Мы без особых происшествий доехали до развилки, где одна из дорог поворачивает на Оршу и дальше идет на Шклов Могилев. По этой рокадной дороге шло бешеное движение. Двигались целые колонны грузовиков и очень много легких танков. Мы переехали дорогу и попали на опушку леса. Там стояло несколько штабных танкеток и размещался штаб 73-й дивизии.
Это была еще не принимавшая участия в боях, необстрелянная, но полностью укомплектованная и хорошо вооруженная кадровая дивизия.

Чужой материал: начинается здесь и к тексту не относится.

lemma sum_mem: "(\<And>a. a \<in> A \<Longrightarrow> g a \<in> S) \<Longrightarrow> sum g A \<in> S"
  by (induction A rule: infinite_finite_induct) (auto intro: zero_mem add_mem)

lemma prod_mem: "(\<And>a. a \<in> A \<Longrightarrow> g a \<in> S) \<Longrightarrow> prod g A \<in> S"
  by (induction A rule: infinite_finite_induct) (auto intro: one_mem mult_mem)

lemma power_mem: "P \<in> S \<Longrightarrow> P ^ k \<in> S"
  by (induction k) (auto intro: one_mem mult_mem)

lemma sign_mult_mem: "P \<in> S \<Longrightarrow> (-1) ^ i * P \<in> S"
  by (intro mult_mem power_mem uminus_mem one_mem)

lemma esym_mem_if_psum_mem:
  assumes "\<And>i. psum x r (Suc i) \<in> S"
  shows "esym x r k \<in> S"
proof (induction k rule: less_induct)
  case (less k)
  show ?case
  proof (cases k)
    case (Suc m)
    have inv: "single 0 (1 / of_nat (Suc m)) * of_nat (Suc m) = (1::laurent)"
      by (simp flip: single_of_nat add: mult_single del: of_nat_Suc)
    have "esym x r k = single 0 (1 / of_nat (Suc m)) * (of_nat (Suc m) * esym x r (Suc m))"
      by (simp only: Suc mult.assoc[symmetric] inv mult_1)
    also have "\<dots> = single 0 (1 / of_nat (Suc m))
                   * (\<Sum>i\<le>m. (-1)^i * esym x r (m - i) * psum x r (Suc i))"
      by (simp only: newton_identity)
    finally show ?thesis
      using less Suc by (auto intro!: smult_mem sum_mem mult_mem sign_mult_mem assms
          simp: mult.assoc)
  qed (simp add: one_mem)
qed

lemma psum_mem_if_esym_mem:
  assumes "\<And>k. esym x r k \<in> S"
  shows "psum x r (Suc m) \<in> S"
proof (induction m rule: less_induct)
  case (less m)
  define T where "T = (\<Sum>i<m. (-1)^i * esym x r (m - i) * psum x r (Suc i))"
  have newton: "of_nat (Suc m) * esym x r (Suc m) = T + (-1)^m * psum x r (Suc m)"
    unfolding newton_identity T_def
    by (simp add: sum.atMost_Suc lessThan_Suc_atMost[symmetric])
  have "((-1)::laurent)^m * (-1)^m = 1" by (simp flip: power_mult_distrib)
  then have "psum x r (Suc m) = (-1)^m * (single 0 (of_nat (Suc m)) * esym x r (Suc m) - T)"
    unfolding single_of_nat newton by (simp add: algebra_simps flip: mult.assoc)
  moreover have "T \<in> S" unfolding T_def
    using less by (auto intro!: sum_mem mult_mem sign_mult_mem assms simp: mult.assoc)
  ultimately show ?case by (metis sign_mult_mem diff_mem smult_mem assms)
qed

end

section \<open>The monomials in the elementary symmetric polynomials\<close>

definition var :: "nat \<Rightarrow> laurent" where
  "var s = single (single s 1) 1"

definition var_inv :: "nat \<Rightarrow> laurent" where
  "var_inv s = single (single s (-1)) 1"

definition indicator_exp :: "nat set \<Rightarrow> exponent" where
  "indicator_exp S = (\<Sum>s\<in>S. single s 1)"

definition diag_exp :: "nat \<Rightarrow> int \<Rightarrow> exponent" where
  "diag_exp r k = (\<Sum>s\<in>{1..r}. single s k)"

definition top_power :: "nat \<Rightarrow> int \<Rightarrow> laurent" where
  "top_power r k = single (diag_exp r k) 1"

definition sigma_monomial :: "nat \<Rightarrow> (nat \<Rightarrow> nat) \<times> int \<Rightarrow> laurent" where
  "sigma_monomial r x = (\<Prod>s\<in>{1..<r}. esym var r s ^ fst x s) * top_power r (snd x)"

lemma prod_var: "prod var S = single (indicator_exp S) 1"
  unfolding indicator_exp_def var_def
  by (induction S rule: infinite_finite_induct) (auto simp: mult_single)

lemma var_mult_var_inv: "var s * var_inv s = 1"
  by (simp add: var_def var_inv_def mult_single single_uminus flip: single_add)

lemma top_power_add: "top_power r a * top_power r b = top_power r (a + b)"
  by (simp add: top_power_def diag_exp_def mult_single single_add sum.distrib)

lemma top_power_0 [simp]: "top_power r 0 = 1"
  by (simp add: top_power_def diag_exp_def)

lemma top_power_power: "top_power r k ^ m = top_power r (int m * k)"
  by (induction m) (auto simp: top_power_add algebra_simps)

lemma esym_var_top: "esym var r r = top_power r 1"
  by (simp add: esym_top prod_var top_power_def diag_exp_def indicator_exp_def)

lemma esym_var_inv_top: "esym var_inv r r = top_power r (-1)"
proof -
  have "esym var_inv r r * top_power r 1 = 1"
    by (simp add: esym_top flip: esym_var_top prod.distrib) (simp add: mult.commute var_mult_var_inv)
  moreover have "esym var_inv r r = esym var_inv r r * (top_power r 1 * top_power r (-1))"
    by (simp add: top_power_add)
  ultimately show ?thesis
    by (simp only: mult.assoc[symmetric] mult_1_left)
qed

lemma prod_var_inv_complement:
  assumes "S \<subseteq> {1..r}"
  shows "prod var_inv S = top_power r (-1) * prod var ({1..r} - S)"
proof -
  have all: "prod var {1..r} = prod var S * prod var ({1..r} - S)"
    using prod.subset_diff[OF assms, of var] by (simp add: mult.commute)
  have inv_all: "top_power r (-1) * prod var {1..r} = 1"
    using esym_var_top[of r] by (simp add: esym_top top_power_add)
  have inv_S: "prod var_inv S * prod var S = 1"
    by (simp add: prod.distrib[symmetric] var_mult_var_inv mult.commute)
  have "prod var_inv S = prod var_inv S * (top_power r (-1) * prod var {1..r})"
    using inv_all by simp
  also have "\<dots> = (prod var_inv S * prod var S) * (top_power r (-1) * prod var ({1..r} - S))"
    unfolding all by (simp add: ac_simps)
  also have "\<dots> = top_power r (-1) * prod var ({1..r} - S)"
    using inv_S by simp
  finally show ?thesis .
qed

lemma esym_var_inv:
  assumes "j \<le> r"
  shows "esym var_inv r j = top_power r (-1) * esym var r (r - j)"
proof -
  have "esym var_inv r j
      = top_power r (-1) * (\<Sum>S\<in>{S. S \<subseteq> {1..r} \<and> card S = j}. prod var ({1..r} - S))"
    unfolding esym_def sum_distrib_left by (rule sum.cong) (auto simp: prod_var_inv_complement)
  also have "(\<Sum>S\<in>{S. S \<subseteq> {1..r} \<and> card S = j}. prod var ({1..r} - S))
           = (\<Sum>T\<in>{T. T \<subseteq> {1..r} \<and> card T = r - j}. prod var T)"
  proof (rule sum.reindex_bij_witness[where i="\<lambda>T. {1..r} - T" and j="\<lambda>S. {1..r} - S"])
    fix T assume T: "T \<in> {T. T \<subseteq> {1..r} \<and> card T = r - j}"
    then show "{1..r} - ({1..r} - T) = T" by auto
    show "{1..r} - T \<in> {S. S \<subseteq> {1..r} \<and> card S = j}"
      using T assms by (auto simp: card_Diff_subset finite_subset)
  qed (auto simp: card_Diff_subset finite_subset)
  finally show ?thesis by (simp add: esym_def)
qed

lemma shift_idx_single:
  assumes "s \<ge> 1"
  shows "shift_idx n (single s k) j = j[s - 1 := j ! (s - 1) + int n * k]"
  by (rule nth_equalityI) (use assms in \<open>auto simp: lookup_single when_def nth_list_update\<close>)

lemma eval_phi_var: "s \<ge> 1 \<Longrightarrow> eval_phi n (var s) = phi n s"
  by (simp add: fun_eq_iff var_def phi_def eval_phi_single shift_idx_single)

lemma eval_phi_var_inv: "s \<ge> 1 \<Longrightarrow> eval_phi n (var_inv s) = phi_inv n s"
  by (simp add: fun_eq_iff var_inv_def phi_inv_def eval_phi_single shift_idx_single)

lemma eval_phi_esym: "eval_phi n (esym var r k) = sigma n r k"
proof -
  have "eval_phi n (prod var S) = op_prod (phi n) S" if "S \<subseteq> {1..r}" for S
    unfolding eval_phi_prod using that by (auto intro!: op_prod_cong simp: eval_phi_var)
  then show ?thesis
    unfolding sigma_def esym_def op_sum_def by (auto simp: fun_eq_iff eval_phi_sum)
qed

Я вспомнил, что именно тут, когда ехал из-под Борисова, впервые увидел наши стоявшие на позициях войска. И, спросив, с какого числа стоит здесь дивизия, услышал, что с двадцать седьмого. Значит, ее я и видел.
Пока мы сюда добрались, была уже середина дня. Трошкин пошел фотографировать оборонительные работы. Перед лесом, на открытом месте, тысячи крестьян рыли огромный противотанковый ров. Вернувшись оттуда, Трошкин стал снимать бойцов 9 лесу за чтением газет, которые мы привезли из редакции. Я впервые с удивлением видел, как работает фотокорреспондент. До сих пор я наивно представлял себе, что фотокорреспондент просто-напросто ловит разные моменты жизни и снимает. Но Трошкин по десять раз пересаживал бойцов так и эдак, переодевал каски с одного на другого и заставлял их брать в руки винтовки. В общем, мучил их целых полчаса. Меня поразили и удивительная любовь людей сниматься, и такое же удивительное их терпение. Тогда я к этому еще не привык.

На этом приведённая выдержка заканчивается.